(Task details)
Reproduce all entries verbatim, with nothing added or dropped.

(Record extracts)
(* For every integer $m\geq 3$, the edge set of $C_m[4]$ can be partitioned into two $C_4$-factors and two $C_m$-factors.
   Context: For a graph $G$ and a positive integer $k$, $G[k]$ is the graph with vertex set $V(G)\times\{0,1,\dots,k-1\}$ in which $(u,i)$ and $(w,j)$ are adjacent if and only if $uw\in E(G)$. $C_m$ is the cycle of length $m$. A $C_k$-factor of a graph is a spanning subgraph each of whose components is a cycle of length $k$. *)

theory Defs
  imports Main
begin

text \<open>Simple graphs are given by a vertex set V and an edge set E of 2-element sets.\<close>

definition cycle_graph_vertices :: "nat \<Rightarrow> nat set" where
  "cycle_graph_vertices m = {0..<m}"

definition cycle_graph_edges :: "nat \<Rightarrow> nat set set" where
  "cycle_graph_edges m = {{i, (i + 1) mod m} | i. i < m}"

definition lex_vertices :: "'a set \<Rightarrow> nat \<Rightarrow> ('a \<times> nat) set" where
  "lex_vertices V k = V \<times> {0..<k}"

definition lex_edges :: "'a set set \<Rightarrow> nat \<Rightarrow> ('a \<times> nat) set set" where
  "lex_edges E k = {{(u, i), (w, j)} | u w i j. {u, w} \<in> E \<and> i < k \<and> j < k}"

definition list_cycle_edges :: "'a list \<Rightarrow> 'a set set" where
  "list_cycle_edges xs = {{xs ! i, xs ! ((i + 1) mod length xs)} | i. i < length xs}"

definition is_Ck_factor :: "nat \<Rightarrow> 'a set \<Rightarrow> 'a set set \<Rightarrow> 'a set set \<Rightarrow> bool" where
  "is_Ck_factor k V E F \<longleftrightarrow> 3 \<le> k \<and> F \<subseteq> E \<and>
     (\<exists>Cs :: 'a list set.
        (\<forall>c\<in>Cs. length c = k \<and> distinct c) \<and>
        (\<forall>c\<in>Cs. \<forall>d\<in>Cs. c \<noteq> d \<longrightarrow> set c \<inter> set d = {}) \<and>
        (\<Union>c\<in>Cs. set c) = V \<and>
        F = (\<Union>c\<in>Cs. list_cycle_edges c))"

end

theory Submission
  imports Defs
begin

text \<open>Colour the edge between copy a of vertex t and copy b of vertex t + 1 of C_m[4] by the
  entry (a, b) of a 4 x 4 table. In the standard table colours 0 and 1 form the complete
  bipartite graphs {0, 3} x {1, 2} and {1, 2} x {0, 3}, i.e. 4-cycles, while colours 2 and 3 are
  perfect matchings given by involutions \<sigma>; following colour 2 or 3 once around C_m composes these
  matchings to \<sigma>^m, which is the identity when m is even, so every colour class is a factor.
  For odd m the tables of the last two layer gaps are changed: the matchings there are chosen
  so that the composite around the cycle is again the identity, and the 4-cycles of colours 0
  and 1 across these two gaps are replaced by 4-cycles through two copies of the last vertex.\<close>

section \<open>Edges of C_m[n]\<close>

definition lex_cycle_edge :: "nat \<Rightarrow> nat \<Rightarrow> nat \<Rightarrow> nat \<Rightarrow> (nat \<times> nat) set" where
  "lex_cycle_edge m t a b = {(t, a), (Suc t mod m, b)}"

lemma Suc_mod_inj:
  assumes "u < m" "v < m" "Suc u mod m = Suc v mod m"
  shows "u = v"
  using assms by (simp add: mod_Suc split: if_splits)

lemma Suc_mod_surj:
  assumes "w < m"
  obtains u where "u < m" "Suc u mod m = w"
proof (cases w)
  case 0
  with assms show ?thesis
    using that[of "m - 1"] by simp
next
  case (Suc v)
  with assms show ?thesis
    using that[of v] by simp
qed

lemma lex_cycle_edge_eq_iff:
  assumes "3 \<le> m" "t < m" "t' < m"
  shows "lex_cycle_edge m t a b = lex_cycle_edge m t' a' b' \<longleftrightarrow> t = t' \<and> a = a' \<and> b = b'"
proof
  assume "lex_cycle_edge m t a b = lex_cycle_edge m t' a' b'"
  then have "(t = t' \<and> a = a' \<and> b = b') \<or> (t = Suc t' mod m \<and> t' = Suc t mod m)"
    unfolding lex_cycle_edge_def by (auto simp: doubleton_eq_iff)
  moreover have "\<not> (t = Suc t' mod m \<and> t' = Suc t mod m)"
  proof
    assume "t = Suc t' mod m \<and> t' = Suc t mod m"
    then have "Suc (Suc t) mod m = t"
      by (metis mod_Suc_eq)
    then have "(t + 2) mod m = t mod m"
      using \<open>t < m\<close> by simp
    then have "m dvd 2"
      using mod_eq_dvd_iff_nat[of t "t + 2" m] by simp
    with \<open>3 \<le> m\<close> show False
      by (auto dest: dvd_imp_le)
  qed
  ultimately show "t = t' \<and> a = a' \<and> b = b'"
    by blast
qed simp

(Solution for this exercise)
(* For every integer $m\geq 3$, the edge set of $C_m[4]$ can be partitioned into two $C_4$-factors and two $C_m$-factors.
   Context: For a graph $G$ and a positive integer $k$, $G[k]$ is the graph with vertex set $V(G)\times\{0,1,\dots,k-1\}$ in which $(u,i)$ and $(w,j)$ are adjacent if and only if $uw\in E(G)$. $C_m$ is the cycle of length $m$. A $C_k$-factor of a graph is a spanning subgraph each of whose components is a cycle of length $k$. *)

theory Defs
  imports Main
begin

text \<open>Simple graphs are given by a vertex set V and an edge set E of 2-element sets.\<close>

definition cycle_graph_vertices :: "nat \<Rightarrow> nat set" where
  "cycle_graph_vertices m = {0..<m}"

definition cycle_graph_edges :: "nat \<Rightarrow> nat set set" where
  "cycle_graph_edges m = {{i, (i + 1) mod m} | i. i < m}"

definition lex_vertices :: "'a set \<Rightarrow> nat \<Rightarrow> ('a \<times> nat) set" where
  "lex_vertices V k = V \<times> {0..<k}"

definition lex_edges :: "'a set set \<Rightarrow> nat \<Rightarrow> ('a \<times> nat) set set" where
  "lex_edges E k = {{(u, i), (w, j)} | u w i j. {u, w} \<in> E \<and> i < k \<and> j < k}"

definition list_cycle_edges :: "'a list \<Rightarrow> 'a set set" where
  "list_cycle_edges xs = {{xs ! i, xs ! ((i + 1) mod length xs)} | i. i < length xs}"

definition is_Ck_factor :: "nat \<Rightarrow> 'a set \<Rightarrow> 'a set set \<Rightarrow> 'a set set \<Rightarrow> bool" where
  "is_Ck_factor k V E F \<longleftrightarrow> 3 \<le> k \<and> F \<subseteq> E \<and>
     (\<exists>Cs :: 'a list set.
        (\<forall>c\<in>Cs. length c = k \<and> distinct c) \<and>
        (\<forall>c\<in>Cs. \<forall>d\<in>Cs. c \<noteq> d \<longrightarrow> set c \<inter> set d = {}) \<and>
        (\<Union>c\<in>Cs. set c) = V \<and>
        F = (\<Union>c\<in>Cs. list_cycle_edges c))"

end

theory Submission
  imports Defs
begin

text \<open>Colour the edge between copy a of vertex t and copy b of vertex t + 1 of C_m[4] by the
  entry (a, b) of a 4 x 4 table. In the standard table colours 0 and 1 form the complete
  bipartite graphs {0, 3} x {1, 2} and {1, 2} x {0, 3}, i.e. 4-cycles, while colours 2 and 3 are
  perfect matchings given by involutions \<sigma>; following colour 2 or 3 once around C_m composes these
  matchings to \<sigma>^m, which is the identity when m is even, so every colour class is a factor.
  For odd m the tables of the last two layer gaps are changed: the matchings there are chosen
  so that the composite around the cycle is again the identity, and the 4-cycles of colours 0
  and 1 across these two gaps are replaced by 4-cycles through two copies of the last vertex.\<close>

section \<open>Edges of C_m[n]\<close>

definition lex_cycle_edge :: "nat \<Rightarrow> nat \<Rightarrow> nat \<Rightarrow> nat \<Rightarrow> (nat \<times> nat) set" where
  "lex_cycle_edge m t a b = {(t, a), (Suc t mod m, b)}"

lemma Suc_mod_inj:
  assumes "u < m" "v < m" "Suc u mod m = Suc v mod m"
  shows "u = v"
  using assms by (simp add: mod_Suc split: if_splits)

lemma Suc_mod_surj:
  assumes "w < m"
  obtains u where "u < m" "Suc u mod m = w"
proof (cases w)
  case 0
  with assms show ?thesis
    using that[of "m - 1"] by simp
next
  case (Suc v)
  with assms show ?thesis
    using that[of v] by simp
qed

lemma lex_cycle_edge_eq_iff:
  assumes "3 \<le> m" "t < m" "t' < m"
  shows "lex_cycle_edge m t a b = lex_cycle_edge m t' a' b' \<longleftrightarrow> t = t' \<and> a = a' \<and> b = b'"
proof
  assume "lex_cycle_edge m t a b = lex_cycle_edge m t' a' b'"
  then have "(t = t' \<and> a = a' \<and> b = b') \<or> (t = Suc t' mod m \<and> t' = Suc t mod m)"
    unfolding lex_cycle_edge_def by (auto simp: doubleton_eq_iff)
  moreover have "\<not> (t = Suc t' mod m \<and> t' = Suc t mod m)"
  proof
    assume "t = Suc t' mod m \<and> t' = Suc t mod m"
    then have "Suc (Suc t) mod m = t"
      by (metis mod_Suc_eq)
    then have "(t + 2) mod m = t mod m"
      using \<open>t < m\<close> by simp
    then have "m dvd 2"
      using mod_eq_dvd_iff_nat[of t "t + 2" m] by simp
    with \<open>3 \<le> m\<close> show False
      by (auto dest: dvd_imp_le)
  qed
  ultimately show "t = t' \<and> a = a' \<and> b = b'"
    by blast
qed simp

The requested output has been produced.